Saramae Endich, 95 ans
Saramae Endich (20 novembre 1923 - 12 juin 1969) était une soprano classique américaine qui a eu une carrière active au concert et à l'opéra dans les années 1950 et 1960.
Née à Steubenville, dans l'Ohio, Endich est l'une des cinq filles d'Abraham Endich. Elle a commencé à étudier le piano dès son plus jeune âge et a grandi en chantant à sa synagogue. Après avoir obtenu une licence en chant à l'université de l'Ohio, elle s'installe à New York pour poursuivre ses études de chant avec Emmy Joseph et Winifred Cecil, puis avec Boris Goldovsky au Berkshire Music Center en 1957.
Saramae Endich a fait ses débuts professionnels en juillet 1957 au Festival de musique de Tanglewood en tant que soprano soliste dans la Missa Solemnis avec le ténor John McCollum, l'Orchestre Symphonique de Boston et le chef Charles Munch.
La même année, elle remporte le 2e Prix des Metropolitan Opera Auditions of the Air.
En 1958, elle fait ses débuts professionnels à l'Opéra de Santa Fe (SFO) dans le rôle de Fiordiligi dans Così fan tutte de Mozart, sous la direction de Robert Baustian.
Elle a participé à plusieurs autres productions du SFO, notamment dans les rôles d'Alice Ford dans Falstaff de Giuseppe Verdi (1958), de Rosalinda dans Die Fledermaus de Johann Strauss II (1959), de Constanze dans Die Entführung aus dem Serail (1959), (1959), de la Vierge Marie dans Jeanne d'Arc au bûcher d'Arthur Honegger (1962), Donna Anna dans Don Giovanni (1963), "La Dame" dans Cardillac de Paul Hindemith (1967) et la Comtesse Almaviva dans Les Noces de Figaro (1967).

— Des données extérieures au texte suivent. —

(* Let $G$ be a Polish group, $d$, $G_0$, $\mathcal L(G,d)$ and $X\subseteq \mathcal L(G,d)^{\mathbb Q^{<\mathbb N}}$ as in the context. Then $X$ is invariant under the action of $G$: if $\vec f\in X$ and $g\in G$ then $g\cdot\vec f\in X$.
   Context: Let $G$ be a Polish group, $d$ a compatible right-invariant metric on $G$ (i.e. $d(g_0h,g_1h)=d(g_0,g_1)$) bounded by $1$, and $G_0$ a countable dense subgroup of $G$. Let $\mathcal L(G,d)$ be the set of functions $f:G\to[0,1]$ with $|f(g_1)-f(g_2)|\le d(g_1,g_2)$ for all $g_1,g_2$. Let $\mathbb Q^{<\mathbb N}$ be the set of finite sequences of rationals; for $s\in\mathbb Q^{<\mathbb N}$ and rationals $a_1,\dots,a_k$, $sa_1\dots a_k$ denotes the sequence $s$ followed by $a_1,\dots,a_k$ (natural numbers are regarded as rationals). Elements of $\mathcal L(G,d)^{\mathbb Q^{<\mathbb N}}$ are families $\vec f=(f_s)_{s\in\mathbb Q^{<\mathbb N}}$, and $G$ acts by $(g\cdot\vec f)_s(g_0)=f_s(g_0g)$. Let $X$ be the set of $\vec f\in\mathcal L(G,d)^{\mathbb Q^{<\mathbb N}}$ such that, writing $t=sq_0q_1q_2\,0\,m\,n$ and $u=sq_0q_1q_2\,1\,m\,n$: (1) for all $s\in\mathbb Q^{<\mathbb N}$, $g_0\in G_0$, $m,n\in\mathbb N$, $q_0,q_1,q_2,\epsilon\in\mathbb Q\cap(0,1)$ with $0<q_i\pm\epsilon<1$ ($i=0,1,2$): $f_t(g_0)<q_1-\epsilon$ or $f_s(g_0)\le q_0+\epsilon$; (2) for the same range of parameters: $f_u(g_0)\ge q_2+\epsilon$ or $f_t(g_0)\ge q_1-\epsilon$; (3) for all $s\in\mathbb Q^{<\mathbb N}$, $g_0\in G_0$, $q_0,\epsilon\in\mathbb Q\cap(0,1)$: if $f_s(g_0)<q_0$ then there are $q_1,q_2\in\mathbb Q$, $g_1\in G_0$, $m,n\in\mathbb N$ with $0<q_2<q_1<q_0<1$, $d(g_0,g_1)<\epsilon$, and $f_u(g_1)<q_2$ where $u=sq_0q_1q_2\,1\,m\,n$. *)

theory Defs
  imports "HOL-Analysis.Analysis" "HOL-Algebra.Group"
begin

definition Polish_group_metric :: "('a, 'b) monoid_scheme \<Rightarrow> ('a \<Rightarrow> 'a \<Rightarrow> real) \<Rightarrow> bool" where
  "Polish_group_metric G d \<longleftrightarrow>
     group G \<and> Metric_space (carrier G) d \<and>
     (let T = Metric_space.mtopology (carrier G) d in
        separable_space T \<and> completely_metrizable_space T \<and>
        continuous_map (prod_topology T T) T (\<lambda>(x, y). x \<otimes>\<^bsub>G\<^esub> y) \<and>
        continuous_map T T (\<lambda>x. inv\<^bsub>G\<^esub> x))"

definition right_invariant :: "('a, 'b) monoid_scheme \<Rightarrow> ('a \<Rightarrow> 'a \<Rightarrow> real) \<Rightarrow> bool" where
  "right_invariant G d \<longleftrightarrow>
     (\<forall>g0\<in>carrier G. \<forall>g1\<in>carrier G. \<forall>h\<in>carrier G.
        d (g0 \<otimes>\<^bsub>G\<^esub> h) (g1 \<otimes>\<^bsub>G\<^esub> h) = d g0 g1)"

definition bounded_by_one :: "('a, 'b) monoid_scheme \<Rightarrow> ('a \<Rightarrow> 'a \<Rightarrow> real) \<Rightarrow> bool" where
  "bounded_by_one G d \<longleftrightarrow> (\<forall>x\<in>carrier G. \<forall>y\<in>carrier G. d x y \<le> 1)"

definition countable_dense_subgroup ::
  "('a, 'b) monoid_scheme \<Rightarrow> ('a \<Rightarrow> 'a \<Rightarrow> real) \<Rightarrow> 'a set \<Rightarrow> bool" where
  "countable_dense_subgroup G d G0 \<longleftrightarrow>
     subgroup G0 G \<and> countable G0 \<and>
     (Metric_space.mtopology (carrier G) d) closure_of G0 = carrier G"

text \<open>\<open>\<L>(G,d)\<close>: 1-Lipschitz functions G \<rightarrow> [0,1] (only values on the carrier matter).\<close>
definition Lip1 :: "('a, 'b) monoid_scheme \<Rightarrow> ('a \<Rightarrow> 'a \<Rightarrow> real) \<Rightarrow> ('a \<Rightarrow> real) \<Rightarrow> bool" where
  "Lip1 G d f \<longleftrightarrow>
     (\<forall>x\<in>carrier G. 0 \<le> f x \<and> f x \<le> 1) \<and>
     (\<forall>x\<in>carrier G. \<forall>y\<in>carrier G. \<bar>f x - f y\<bar> \<le> d x y)"

definition gact :: "('a, 'b) monoid_scheme \<Rightarrow> 'a \<Rightarrow> (rat list \<Rightarrow> 'a \<Rightarrow> real) \<Rightarrow> (rat list \<Rightarrow> 'a \<Rightarrow> real)" where
  "gact G g F = (\<lambda>s x. F s (x \<otimes>\<^bsub>G\<^esub> g))"
lemma measure_eqI_integral_bounded_continuous:
  fixes M N :: "'a::metric_space measure"
  assumes M: "finite_measure M" "sets M = sets borel" and N: "finite_measure N" "sets N = sets borel"
    and eq: "\<And>\<phi> :: 'a \<Rightarrow> real. continuous_on UNIV \<phi> \<Longrightarrow> (\<And>x. \<bar>\<phi> x\<bar> \<le> 1) \<Longrightarrow>
      (\<integral>x. \<phi> x \<partial>M) = (\<integral>x. \<phi> x \<partial>N)"
  shows "M = N"
proof (rule measure_eqI_generator_eq[where \<Omega>=UNIV and E="Collect closed" and A="\<lambda>_. UNIV"])
  show "Int_stable (Collect closed)" by (auto simp: Int_stable_def)
  show "sets M = sigma_sets UNIV (Collect closed)" "sets N = sigma_sets UNIV (Collect closed)"
    using M N by (simp_all add: borel_eq_closed)
  show "emeasure M UNIV \<noteq> \<infinity>" for i :: nat using finite_measure.emeasure_finite[OF M(1)] by simp
  fix C :: "'a set" assume "C \<in> Collect closed"
  then have "closed C" by simp
  show "emeasure M C = emeasure N C"
  proof (cases "C = {}")
    case False
    define \<phi> where "\<phi> n x = max 0 (1 - real n * infdist x C)" for n x
    have \<phi>_cont: "continuous_on UNIV (\<phi> n)" for n unfolding \<phi>_def by (intro continuous_intros)
    have \<phi>_bound: "\<bar>\<phi> n x\<bar> \<le> 1" for n x
      using infdist_nonneg[of x C] by (auto simp: \<phi>_def)
    have approx: "(\<lambda>n. \<integral>x. \<phi> n x \<partial>L) \<longlonglongrightarrow> measure L C"
      if L: "finite_measure L" "sets L = sets borel" for L :: "'a measure"
    proof -
      interpret L: finite_measure L by (rule L(1))
      have "(\<lambda>n. \<integral>x. \<phi> n x \<partial>L) \<longlonglongrightarrow> (\<integral>x. indicator C x \<partial>L)"
      proof (rule integral_dominated_convergence[where w="\<lambda>_. 1"])
        show "(indicator C :: 'a \<Rightarrow> real) \<in> borel_measurable L" "\<phi> n \<in> borel_measurable L" for n
          using \<open>closed C\<close> borel_measurable_continuous_onI[OF \<phi>_cont]
          by (auto simp: measurable_cong_sets[OF L(2) refl])
        show "AE x in L. (\<lambda>n. \<phi> n x) \<longlonglongrightarrow> indicator C x"
          using tendsto_infdist_cutoff_indicator[OF \<open>closed C\<close> False] by (simp add: \<phi>_def)
        show "AE x in L. norm (\<phi> n x) \<le> 1" for n using \<phi>_bound by simp
      qed simp
      then show ?thesis using \<open>closed C\<close> L(2) by (simp add: sets_eq_imp_space_eq)
    qed
    have "measure M C = measure N C"
      using LIMSEQ_unique[OF approx[OF M] approx[OF N, folded eq[OF \<phi>_cont \<phi>_bound]]] .
    then show ?thesis
      using M N \<open>closed C\<close> by (simp add: finite_measure.emeasure_eq_measure)
  qed simp
qed auto
(* Let $E$ be a contact Riemannian Lie algebroid with associated almost contact Riemannian structure $(F_E,\xi,\eta,g_E)$, let $\nabla$ be the Levi-Civita connection of $g_E$ and $N_E^{(3)}=\frac12\mathcal{L}_\xi F_E$. Then for all $s,s_1,s_2\in\Gamma(E)$: (i) $g_E(N_E^{(3)}(s_1),s_2)=g_E(s_1,N_E^{(3)}(s_2))$; (ii) $\nabla_s\xi=-F_E(s)-F_E(N_E^{(3)}(s))$; (iii) $F_E\circ N_E^{(3)}=-N_E^{(3)}\circ F_E$; (iv) $\operatorname{trace}N_E^{(3)}=0$, $\operatorname{trace}(N_E^{(3)}\circ F_E)=0$, $N_E^{(3)}(\xi)=0$, $\eta(N_E^{(3)}(s))=0$; (v) $(\nabla_{s_1}F_E)(s_2)+(\nabla_{F_E(s_1)}F_E)F_E(s_2)=2g_E(s_1,s_2)\xi-\eta(s_2)\big(s_1+N_E^{(3)}(s_1)+\eta(s_1)\xi\big)$.
   Context: A Lie algebroid $(E,\rho_E,[\cdot,\cdot]_E)$ over $M$ is a vector bundle with anchor $\rho_E:E\to TM$ and Lie bracket on $\Gamma(E)$ with $[s_1,fs_2]_E=f[s_1,s_2]_E+\rho_E(s_1)(f)s_2$. For a 1-form $\eta$, $(d_E\eta)(s_1,s_2)=\frac12\{\rho_E(s_1)(\eta(s_2))-\rho_E(s_2)(\eta(s_1))-\eta([s_1,s_2]_E)\}$. For $E$ of rank $2m+1$, an almost contact Riemannian structure $(F_E,\xi,\eta,g_E)$: endomorphism $F_E$, $\xi\in\Gamma(E)$, $\eta\in\Gamma(E^* )$, bundle metric $g_E$ with $F_E^2=-I_E+\eta\otimes\xi$, $\eta(\xi)=1$, $g_E(F_Es_1,F_Es_2)=g_E(s_1,s_2)-\eta(s_1)\eta(s_2)$; fundamental form $\Omega_E(s_1,s_2)=g_E(s_1,F_Es_2)$. $E$ is contact Riemannian if also $\eta\wedge(d_E\eta)^m$ vanishes nowhere and $d_E\eta=\Omega_E$. $(\mathcal{L}_\xi F_E)(s)=[\xi,F_Es]_E-F_E[\xi,s]_E$. The Levi-Civita connection $\nabla$ is the unique $E$-connection ($\nabla_{fs}s'=f\nabla_ss'$, $\nabla_s(fs')=f\nabla_ss'+\rho_E(s)(f)s'$) that is torsion-free ($\nabla_{s_1}s_2-\nabla_{s_2}s_1=[s_1,s_2]_E$) and metric ($\rho_E(s)(g_E(s_1,s_2))=g_E(\nabla_ss_1,s_2)+g_E(s_1,\nabla_ss_2)$); $(\nabla_sF_E)s'=\nabla_s(F_Es')-F_E(\nabla_ss')$. *)

theory Defs
  imports Complex_Main "HOL-Combinatorics.Permutations"
begin

text \<open>M is the type 'm of base points. The vector bundle E is given by its fibres
E x, finite-dimensional subspaces of an ambient real vector space 'v (every vector bundle
over a manifold embeds in a trivial bundle). C is the algebra of smooth functions on M,
Gamma the C-module of smooth sections (functions 'm => 'v with values in the fibres).\<close>

definition sm :: "('m \<Rightarrow> real) \<Rightarrow> ('m \<Rightarrow> 'v::real_vector) \<Rightarrow> 'm \<Rightarrow> 'v" where
  "sm f s = (\<lambda>x. f x *\<^sub>R s x)"

definition sadd :: "('m \<Rightarrow> 'v::real_vector) \<Rightarrow> ('m \<Rightarrow> 'v) \<Rightarrow> 'm \<Rightarrow> 'v" where
  "sadd s t = (\<lambda>x. s x + t x)"

definition fapp :: "('m \<Rightarrow> 'v \<Rightarrow> 'w) \<Rightarrow> ('m \<Rightarrow> 'v) \<Rightarrow> 'm \<Rightarrow> 'w" where
  "fapp T s = (\<lambda>x. T x (s x))"

definition lin_on :: "'v::real_vector set \<Rightarrow> ('v \<Rightarrow> 'w::real_vector) \<Rightarrow> bool" where
  "lin_on V f \<longleftrightarrow> (\<forall>u\<in>V. \<forall>v\<in>V. \<forall>a. f (a *\<^sub>R u + v) = a *\<^sub>R f u + f v)"

text \<open>Smooth vector bundle of rank r with algebra of smooth functions C and module of smooth
sections Gamma; the last clause says Gamma is of finite type (sections are combinations of
finitely many global sections with smooth, fibrewise linear coefficients), as holds for
every smooth vector bundle over a manifold.\<close>
definition vector_bundle ::
  "('m \<Rightarrow> 'v::real_vector set) \<Rightarrow> nat \<Rightarrow> ('m \<Rightarrow> real) set \<Rightarrow> ('m \<Rightarrow> 'v) set \<Rightarrow> bool" where
  "vector_bundle E r C \<Gamma> \<longleftrightarrow>
     (\<forall>x. real_vector.subspace (E x) \<and> real_vector.dim (E x) = r) \<and>
     (\<forall>c. (\<lambda>x. c) \<in> C) \<and>
     (\<forall>f\<in>C. \<forall>h\<in>C. (\<lambda>x. f x + h x) \<in> C \<and> (\<lambda>x. f x * h x) \<in> C) \<and>
     (\<forall>s\<in>\<Gamma>. \<forall>x. s x \<in> E x) \<and>
     (\<lambda>x. 0) \<in> \<Gamma> \<and>
     (\<forall>s\<in>\<Gamma>. \<forall>t\<in>\<Gamma>. sadd s t \<in> \<Gamma>) \<and>
     (\<forall>f\<in>C. \<forall>s\<in>\<Gamma>. sm f s \<in> \<Gamma>) \<and>
     (\<forall>x. \<forall>v\<in>E x. \<exists>s\<in>\<Gamma>. s x = v) \<and>
     (\<exists>k e (\<theta> :: nat \<Rightarrow> 'm \<Rightarrow> 'v \<Rightarrow> real). (\<forall>i<k. e i \<in> \<Gamma> \<and> (\<forall>x. lin_on (E x) (\<theta> i x)) \<and>
                        (\<forall>s\<in>\<Gamma>. fapp (\<theta> i) s \<in> C)) \<and>
               (\<forall>s\<in>\<Gamma>. s = (\<lambda>x. \<Sum>i<k. \<theta> i x (s x) *\<^sub>R e i x)))"

definition lie_algebroid ::
  "('m \<Rightarrow> 'v::real_vector set) \<Rightarrow> nat \<Rightarrow> ('m \<Rightarrow> real) set \<Rightarrow> ('m \<Rightarrow> 'v) set \<Rightarrow>
   (('m \<Rightarrow> 'v) \<Rightarrow> ('m \<Rightarrow> real) \<Rightarrow> ('m \<Rightarrow> real)) \<Rightarrow>
   (('m \<Rightarrow> 'v) \<Rightarrow> ('m \<Rightarrow> 'v) \<Rightarrow> ('m \<Rightarrow> 'v)) \<Rightarrow> bool" where
  "lie_algebroid E r C \<Gamma> \<rho> br \<longleftrightarrow>
     vector_bundle E r C \<Gamma> \<and>
     (\<forall>s\<in>\<Gamma>. \<forall>f\<in>C. \<rho> s f \<in> C) \<and>
     (\<forall>s\<in>\<Gamma>. \<forall>f\<in>C. \<forall>h\<in>C.
        \<rho> s (\<lambda>x. f x + h x) = (\<lambda>x. \<rho> s f x + \<rho> s h x) \<and>
        \<rho> s (\<lambda>x. f x * h x) = (\<lambda>x. f x * \<rho> s h x + h x * \<rho> s f x)) \<and>
     (\<forall>s\<in>\<Gamma>. \<forall>f\<in>C. \<forall>c. \<rho> s (\<lambda>x. c * f x) = (\<lambda>x. c * \<rho> s f x)) \<and>
     (\<forall>s\<in>\<Gamma>. \<forall>t\<in>\<Gamma>. \<forall>f\<in>C. \<forall>h\<in>C.
        \<rho> (sadd s t) h = (\<lambda>x. \<rho> s h x + \<rho> t h x) \<and>
        \<rho> (sm f s) h = (\<lambda>x. f x * \<rho> s h x)) \<and>
     (\<forall>s\<in>\<Gamma>. \<forall>t\<in>\<Gamma>. br s t \<in> \<Gamma>) \<and>
     (\<forall>s\<in>\<Gamma>. \<forall>t\<in>\<Gamma>. \<forall>u\<in>\<Gamma>.
        br (sadd s t) u = sadd (br s u) (br t u) \<and> br s (sadd t u) = sadd (br s t) (br s u)) \<and>
     (\<forall>s\<in>\<Gamma>. \<forall>t\<in>\<Gamma>. \<forall>c.
        br (sm (\<lambda>x. c) s) t = sm (\<lambda>x. c) (br s t) \<and> br s (sm (\<lambda>x. c) t) = sm (\<lambda>x. c) (br s t)) \<and>
     (\<forall>s\<in>\<Gamma>. \<forall>t\<in>\<Gamma>. br s t = (\<lambda>x. - br t s x)) \<and>
     (\<forall>s\<in>\<Gamma>. \<forall>t\<in>\<Gamma>. \<forall>u\<in>\<Gamma>.
        (\<lambda>x. br s (br t u) x + br t (br u s) x + br u (br s t) x) = (\<lambda>x. 0)) \<and>
     (\<forall>s\<in>\<Gamma>. \<forall>t\<in>\<Gamma>. \<forall>f\<in>C. br s (sm f t) = sadd (sm f (br s t)) (sm (\<rho> s f) t))"
lemma inv_is_hom_image_alg:
  assumes "inj e"
  shows "is_hom ar (image_alg e B) B (inv e)"
  using assms by (auto simp: is_hom_def inv_f_f)

lemma con_join_chain:
  assumes "\<alpha> \<in> Con ar B" "\<beta> \<in> Con ar B" "(u, p) \<in> \<beta>" "(p, q) \<in> \<alpha>" "(q, v) \<in> \<beta>"
  shows "(u, v) \<in> con_join ar B \<alpha> \<beta>"
proof (unfold con_join_def, rule InterI)
  fix \<theta> assume "\<theta> \<in> {\<theta> \<in> Con ar B. \<alpha> \<union> \<beta> \<subseteq> \<theta>}"
  then have "trans \<theta>" "\<alpha> \<union> \<beta> \<subseteq> \<theta>" by (auto simp: Con_def is_congruence_def equiv_def)
  with assms(3-5) show "(u, v) \<in> \<theta>" by (meson UnCI subsetD transE)
qed

lemma con_modular_shifting:
  assumes B: "con_modular ar B"
    and \<sigma>: "is_congruence ar B \<sigma>" and \<tau>: "is_congruence ar B \<tau>" and \<pi>: "is_congruence ar B \<pi>"
    and "\<sigma> \<subseteq> \<tau>" and "\<pi> \<inter> \<tau> \<subseteq> \<sigma>"
    and "(u, v) \<in> \<tau>" and "(u, p) \<in> \<pi>" "(p, q) \<in> \<sigma>" "(q, v) \<in> \<pi>"
  shows "(u, v) \<in> \<sigma>"
proof -
  have Con: "\<sigma> \<in> Con ar B" "\<tau> \<in> Con ar B" "\<pi> \<in> Con ar B"
    using \<sigma> \<tau> \<pi> by (simp_all add: Con_def)
  have "(u, v) \<in> con_join ar B \<sigma> \<pi> \<inter> \<tau>"
    using con_join_chain[OF Con(1,3)] assms(7-10) by blast
  also have "\<dots> = con_join ar B \<sigma> (\<pi> \<inter> \<tau>)"
    using B Con \<open>\<sigma> \<subseteq> \<tau>\<close> by (simp add: con_modular_def)
  also have "\<dots> \<subseteq> \<sigma>"
    using Con(1) \<open>\<pi> \<inter> \<tau> \<subseteq> \<sigma>\<close> by (auto simp: con_join_def)
  finally show ?thesis .
qed

lemma is_congruence_field:
  "is_congruence ar B \<rho> \<Longrightarrow> (x, y) \<in> \<rho> \<Longrightarrow> x \<in> carrier B \<and> y \<in> carrier B"
  unfolding is_congruence_def equiv_def refl_on_def by blast

(* cm_variety only constrains algebras whose carrier lies in ((nat \<Rightarrow> 'a) \<Rightarrow> 'a) set;
   subalgebras of A^\<nat> are moved there along this injection, which recovers t n by
   evaluating at any g that first differs from g 0 at index Suc n. *)
definition tuple_code :: "(nat \<Rightarrow> 'a) \<Rightarrow> ((nat \<Rightarrow> 'a) \<Rightarrow> 'a) set" where
  "tuple_code t = {\<lambda>g. t (LEAST i. g (Suc i) \<noteq> g 0)}"

lemma inj_tuple_code: "inj tuple_code"
proof (rule injI)
  fix t t' :: "nat \<Rightarrow> 'a" assume code: "tuple_code t = tuple_code t'"
  show "t = t'"
  proof (cases "\<exists>p q :: 'a. p \<noteq> q")
    case False
    then show ?thesis by blast
  next
    case True
    then obtain p q :: 'a where "p \<noteq> q" by blast
    have index: "(LEAST i. (if i = n then q else p) \<noteq> p) = n" for n :: nat
      by (rule Least_equality) (use \<open>p \<noteq> q\<close> in \<open>auto split: if_splits\<close>)
    have codes: "(\<lambda>g :: nat \<Rightarrow> 'a. t (LEAST i. g (Suc i) \<noteq> g 0)) = (\<lambda>g. t' (LEAST i. g (Suc i) \<noteq> g 0))"
      using code by (simp add: tuple_code_def)
    have "t n = t' n" for n
      using fun_cong[OF codes, of "\<lambda>i. if i = Suc n then q else p"] by (simp add: index)
    then show ?thesis by blast
  qed
qed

En dehors de Santa Fe, on a rarement vu Endich dans des productions d'opéra mises en scène. Elle a interprété le rôle de la Comtesse Almaviva avec le New York City Opera en 1962 et 1963, et on l'a vue dans le rôle de Marguerite dans Faust de Charles Gounod avec l'Opera Society of Washington (aujourd'hui le Washington National Opera) en 1965. Sa seule apparition internationale à l'opéra fut un succès critique : une interprétation du rôle-titre dans L'incoronazione di Poppea de Claudio Monteverdi au Festival de Glyndebourne en 1964.
En tant que chanteuse de concert, Endich est très active. Elle a fait de nombreuses apparitions avec le Brooklyn Philharmonic sous la direction de Siegfried Landau à la fin des années 1950 et dans les années 1960. On l'a également entendue en concert avec de nombreux orchestres symphoniques américains, dont le New York Philharmonic, le Philadelphia Orchestra et le Cleveland Orchestra.
Le 19 janvier 1964, elle était la soprano soliste dans le Requiem de Mozart pour la messe de requiem solennelle en l'honneur de la mort du Président John F. Kennedy à la cathédrale de la Sainte-Croix de Boston. Elle a également été soliste dans la Messa da Requiem de Verdi sous la direction de Leonard Bernstein pour les funérailles de Robert F. Kennedy en 1968.
Elle a enregistré le Gloria de Francis Poulenc avec le chef d'orchestre Robert Shaw et la Robert Shaw Chorale, ainsi que des œuvres des maîtres de Vienesse avec le chef d'orchestre André Kostelanetz. On peut également l'entendre dans le rôle de la reine de Salomon et de la première prostituée sur l'enregistrement complet de Solomon de George Frideric Haendel réalisé en 1967 par la Handel Society of New York avec l'Orchestre du Volksoper de Vienne pour RCA.
En 1969, à l'âge de 45 ans, Mlle Endich est retrouvée morte dans son appartement de l'hôtel Clifton à New York. L'autopsie a révélé que la cause du décès était une congestion viscérale. Au moment de son décès, elle était sur le point de commencer les répétitions pour le rôle de Madame Euterpova dans Help, Help, the Globolinks ! de Gian Carlo Menotti pour la première production de cette œuvre aux États-Unis à Santa Fe.